Jerome Charyn: The Isaac Quartet (USA 2002)

From the Publisher:
Jerome Charyn has completely subverted the genre of crime fiction - exploded it into another form. His Isaac Sidel novels are published all over the world - Italy, Spain, Finland, Israel, Germany, Greece, Japan - and in France they have become cult books that will soon be turned into a television series. In a recent front page review, Le Monde likened him to a modern Balzac with a jazzy twist who has reinvented the landscape of late twentieth-century America and is already pushing it far into the twenty-first.

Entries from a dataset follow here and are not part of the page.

definition signature :: "('s, 'f) decl set \<Rightarrow> bool" where
  "signature \<Sigma> \<longleftrightarrow> presignature \<Sigma>
     \<and> (\<forall>\<Gamma> S. DTy \<Gamma> S \<in> \<Sigma> \<longrightarrow> JCtx \<Gamma> \<in> Jdg \<Sigma>)
     \<and> (\<forall>\<Gamma> f U. DFun \<Gamma> f U \<in> \<Sigma> \<longrightarrow> JType \<Gamma> U \<in> Jdg \<Sigma>)"

text \<open>Objects 'o, morphisms 'm (each with a domain and codomain), types 't, terms 'e.
  comp g f is g \<circ> f. tsub A f = A{f}; esub a f = a{f}; ext \<Gamma> A = \<Gamma>.A;
  pr \<Gamma> A = p(A); var \<Gamma> A = v_A; pair f a A = \<langle>f,a\<rangle>_A.\<close>

record ('o, 'm, 't, 'e) cwf =
  Ob :: "'o set"
  Mor :: "'m set"
  cdom :: "'m \<Rightarrow> 'o"
  ccod :: "'m \<Rightarrow> 'o"
  comp :: "'m \<Rightarrow> 'm \<Rightarrow> 'm"
  idm :: "'o \<Rightarrow> 'm"
  top :: "'o"
  Ty :: "'o \<Rightarrow> 't set"
  tsub :: "'t \<Rightarrow> 'm \<Rightarrow> 't"
  ext :: "'o \<Rightarrow> 't \<Rightarrow> 'o"
  pr :: "'o \<Rightarrow> 't \<Rightarrow> 'm"
  Tm :: "'o \<Rightarrow> 't \<Rightarrow> 'e set"
  esub :: "'e \<Rightarrow> 'm \<Rightarrow> 'e"
  var :: "'o \<Rightarrow> 't \<Rightarrow> 'e"
  pair :: "'m \<Rightarrow> 'e \<Rightarrow> 't \<Rightarrow> 'm"

definition Hom :: "('o, 'm, 't, 'e, 'z) cwf_scheme \<Rightarrow> 'o \<Rightarrow> 'o \<Rightarrow> 'm set" where
  "Hom C \<Delta> \<Gamma> = {f \<in> Mor C. cdom C f = \<Delta> \<and> ccod C f = \<Gamma>}"

definition is_cwf :: "('o, 'm, 't, 'e, 'z) cwf_scheme \<Rightarrow> bool" where
  "is_cwf C \<longleftrightarrow>
     \<comment> \<open>category\<close>
     (\<forall>f \<in> Mor C. cdom C f \<in> Ob C \<and> ccod C f \<in> Ob C)
   \<and> (\<forall>\<Gamma> \<in> Ob C. idm C \<Gamma> \<in> Hom C \<Gamma> \<Gamma>)
   \<and> (\<forall>\<Theta> \<Delta> \<Gamma> f g. f \<in> Hom C \<Theta> \<Delta> \<longrightarrow> g \<in> Hom C \<Delta> \<Gamma> \<longrightarrow> comp C g f \<in> Hom C \<Theta> \<Gamma>)
   \<and> (\<forall>f \<in> Mor C. comp C (idm C (ccod C f)) f = f \<and> comp C f (idm C (cdom C f)) = f)
   \<and> (\<forall>f g h. f \<in> Mor C \<longrightarrow> g \<in> Mor C \<longrightarrow> h \<in> Mor C \<longrightarrow> ccod C f = cdom C g \<longrightarrow> ccod C g = cdom C h
        \<longrightarrow> comp C h (comp C g f) = comp C (comp C h g) f)
     \<comment> \<open>terminal object\<close>
   \<and> top C \<in> Ob C \<and> (\<forall>\<Gamma> \<in> Ob C. \<exists>!f. f \<in> Hom C \<Gamma> (top C))
     \<comment> \<open>types and their substitution\<close>
   \<and> (\<forall>\<Delta> \<Gamma> f A. f \<in> Hom C \<Delta> \<Gamma> \<longrightarrow> A \<in> Ty C \<Gamma> \<longrightarrow> tsub C A f \<in> Ty C \<Delta>)
   \<and> (\<forall>\<Gamma> \<in> Ob C. \<forall>A \<in> Ty C \<Gamma>. tsub C A (idm C \<Gamma>) = A)
   \<and> (\<forall>\<Theta> \<Delta> \<Gamma> f g A. f \<in> Hom C \<Delta> \<Gamma> \<longrightarrow> g \<in> Hom C \<Theta> \<Delta> \<longrightarrow> A \<in> Ty C \<Gamma>
        \<longrightarrow> tsub C A (comp C f g) = tsub C (tsub C A f) g)
     \<comment> \<open>comprehension\<close>
   \<and> (\<forall>\<Gamma> \<in> Ob C. \<forall>A \<in> Ty C \<Gamma>. ext C \<Gamma> A \<in> Ob C \<and> pr C \<Gamma> A \<in> Hom C (ext C \<Gamma> A) \<Gamma>)
     \<comment> \<open>terms and their substitution\<close>
   \<and> (\<forall>\<Delta> \<Gamma> f A a. f \<in> Hom C \<Delta> \<Gamma> \<longrightarrow> A \<in> Ty C \<Gamma> \<longrightarrow> a \<in> Tm C \<Gamma> A
        \<longrightarrow> esub C a f \<in> Tm C \<Delta> (tsub C A f))
   \<and> (\<forall>\<Gamma> \<in> Ob C. \<forall>A \<in> Ty C \<Gamma>. \<forall>a \<in> Tm C \<Gamma> A. esub C a (idm C \<Gamma>) = a)
   \<and> (\<forall>\<Theta> \<Delta> \<Gamma> f g A a. f \<in> Hom C \<Delta> \<Gamma> \<longrightarrow> g \<in> Hom C \<Theta> \<Delta> \<longrightarrow> A \<in> Ty C \<Gamma> \<longrightarrow> a \<in> Tm C \<Gamma> A
        \<longrightarrow> esub C a (comp C f g) = esub C (esub C a f) g)
     \<comment> \<open>variable and extension\<close>
   \<and> (\<forall>\<Gamma> \<in> Ob C. \<forall>A \<in> Ty C \<Gamma>. var C \<Gamma> A \<in> Tm C (ext C \<Gamma> A) (tsub C A (pr C \<Gamma> A)))
   \<and> (\<forall>\<Delta> \<Gamma> f A a. f \<in> Hom C \<Delta> \<Gamma> \<longrightarrow> A \<in> Ty C \<Gamma> \<longrightarrow> a \<in> Tm C \<Delta> (tsub C A f)
        \<longrightarrow> pair C f a A \<in> Hom C \<Delta> (ext C \<Gamma> A)
          \<and> comp C (pr C \<Gamma> A) (pair C f a A) = f
          \<and> esub C (var C \<Gamma> A) (pair C f a A) = a)
   \<and> (\<forall>\<Delta> \<Gamma> h A. \<Gamma> \<in> Ob C \<longrightarrow> A \<in> Ty C \<Gamma> \<longrightarrow> h \<in> Hom C \<Delta> (ext C \<Gamma> A)
        \<longrightarrow> pair C (comp C (pr C \<Gamma> A) h) (esub C (var C \<Gamma> A) h) A = h)
   \<and> (\<forall>\<Theta> \<Delta> \<Gamma> f g A a. f \<in> Hom C \<Delta> \<Gamma> \<longrightarrow> g \<in> Hom C \<Theta> \<Delta> \<longrightarrow> A \<in> Ty C \<Gamma> \<longrightarrow> a \<in> Tm C \<Delta> (tsub C A f)
        \<longrightarrow> comp C (pair C f a A) g = pair C (comp C f g) (esub C a g) A)"

text \<open>A cwf morphism (F, \<sigma>, \<theta>): F is given by its object part Fo and morphism part Fm;
  \<sigma>_\<Gamma>(A) = Fs \<Gamma> A; \<theta>_{\<Gamma>,A}(a) = Ft \<Gamma> A a.\<close>

record ('o, 'm, 't, 'e, 'o2, 'm2, 't2, 'e2) cwf_mor =
  Fo :: "'o \<Rightarrow> 'o2"
  Fm :: "'m \<Rightarrow> 'm2"
  Fs :: "'o \<Rightarrow> 't \<Rightarrow> 't2"
  Ft :: "'o \<Rightarrow> 't \<Rightarrow> 'e \<Rightarrow> 'e2"

definition is_cwf_mor ::
  "('o, 'm, 't, 'e, 'z) cwf_scheme \<Rightarrow> ('o2, 'm2, 't2, 'e2, 'z2) cwf_scheme
   \<Rightarrow> ('o, 'm, 't, 'e, 'o2, 'm2, 't2, 'e2) cwf_mor \<Rightarrow> bool" where
  "is_cwf_mor C D M \<longleftrightarrow>
     \<comment> \<open>F is a functor preserving the terminal object\<close>
     (\<forall>\<Gamma> \<in> Ob C. Fo M \<Gamma> \<in> Ob D)
   \<and> (\<forall>\<Delta> \<Gamma> f. f \<in> Hom C \<Delta> \<Gamma> \<longrightarrow> Fm M f \<in> Hom D (Fo M \<Delta>) (Fo M \<Gamma>))
   \<and> (\<forall>\<Gamma> \<in> Ob C. Fm M (idm C \<Gamma>) = idm D (Fo M \<Gamma>))
   \<and> (\<forall>f g. f \<in> Mor C \<longrightarrow> g \<in> Mor C \<longrightarrow> ccod C f = cdom C g
        \<longrightarrow> Fm M (comp C g f) = comp D (Fm M g) (Fm M f))
   \<and> Fo M (top C) = top D
     \<comment> \<open>\<sigma>\<close>
   \<and> (\<forall>\<Gamma> \<in> Ob C. \<forall>A \<in> Ty C \<Gamma>. Fs M \<Gamma> A \<in> Ty D (Fo M \<Gamma>))
   \<and> (\<forall>\<Delta> \<Gamma> f A. f \<in> Hom C \<Delta> \<Gamma> \<longrightarrow> A \<in> Ty C \<Gamma>
        \<longrightarrow> Fs M \<Delta> (tsub C A f) = tsub D (Fs M \<Gamma> A) (Fm M f))
   \<and> (\<forall>\<Gamma> \<in> Ob C. \<forall>A \<in> Ty C \<Gamma>. Fo M (ext C \<Gamma> A) = ext D (Fo M \<Gamma>) (Fs M \<Gamma> A)
        \<and> Fm M (pr C \<Gamma> A) = pr D (Fo M \<Gamma>) (Fs M \<Gamma> A))
     \<comment> \<open>\<theta>\<close>
   \<and> (\<forall>\<Gamma> \<in> Ob C. \<forall>A \<in> Ty C \<Gamma>. \<forall>a \<in> Tm C \<Gamma> A. Ft M \<Gamma> A a \<in> Tm D (Fo M \<Gamma>) (Fs M \<Gamma> A))
   \<and> (\<forall>\<Delta> \<Gamma> f A a. f \<in> Hom C \<Delta> \<Gamma> \<longrightarrow> A \<in> Ty C \<Gamma> \<longrightarrow> a \<in> Tm C \<Gamma> A
        \<longrightarrow> Ft M \<Delta> (tsub C A f) (esub C a f) = esub D (Ft M \<Gamma> A a) (Fm M f))
   \<and> (\<forall>\<Gamma> \<in> Ob C. \<forall>A \<in> Ty C \<Gamma>.
        Ft M (ext C \<Gamma> A) (tsub C A (pr C \<Gamma> A)) (var C \<Gamma> A) = var D (Fo M \<Gamma>) (Fs M \<Gamma> A))
   \<and> (\<forall>\<Delta> \<Gamma> f A a. f \<in> Hom C \<Delta> \<Gamma> \<longrightarrow> A \<in> Ty C \<Gamma> \<longrightarrow> a \<in> Tm C \<Delta> (tsub C A f)
        \<longrightarrow> Fm M (pair C f a A) = pair D (Fm M f) (Ft M \<Delta> (tsub C A f) a) (Fs M \<Gamma> A))"

definition cwf_mor_eq ::
  "('o, 'm, 't, 'e, 'z) cwf_scheme \<Rightarrow> ('o, 'm, 't, 'e, 'o2, 'm2, 't2, 'e2) cwf_mor
   \<Rightarrow> ('o, 'm, 't, 'e, 'o2, 'm2, 't2, 'e2) cwf_mor \<Rightarrow> bool" where
  "cwf_mor_eq C M M' \<longleftrightarrow>
     (\<forall>\<Gamma> \<in> Ob C. Fo M \<Gamma> = Fo M' \<Gamma>)
   \<and> (\<forall>f \<in> Mor C. Fm M f = Fm M' f)
   \<and> (\<forall>\<Gamma> \<in> Ob C. \<forall>A \<in> Ty C \<Gamma>. Fs M \<Gamma> A = Fs M' \<Gamma> A)
   \<and> (\<forall>\<Gamma> \<in> Ob C. \<forall>A \<in> Ty C \<Gamma>. \<forall>a \<in> Tm C \<Gamma> A. Ft M \<Gamma> A a = Ft M' \<Gamma> A a)"

type_synonym ('s, 'f) fmor = "('s, 'f) ctx \<times> ('s, 'f) ctx \<times> 'f pre list"
type_synonym ('s, 'f) fty = "('s, 'f) ctx \<times> ('s, 'f) pty"
type_synonym ('s, 'f) ftm = "('s, 'f) fty \<times> 'f pre"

His style is like a demonic jazz riff, with constant invention. Crime writer Lawrence Block claims Charyn possesses "the richest imagination in contemporary American letters." The Isaac Quartet is a chance to revisit Jerome Charyn and rediscover the haunting, sad, and touching tones and turns of his prose. His deep compassion for the marginal and the dispossessed, and his comic twists have been likened to Faulkner. Indeed, Charyn has created his own Yoknapatawpha County in the ambiguous landscapes of Manhattan, Brooklyn, and the Bronx. Like Faulkner, Charyn has created an alternative universe, one that mythologizes New York and reflects upon it with a kind of crazy glow. His gangsters have their own particular poetry. His cops are either ruthlessly honest or ruthlessly corrupt. The Guzmanns, a tribe of Peruvian pimps, are utterly devoted to their brood.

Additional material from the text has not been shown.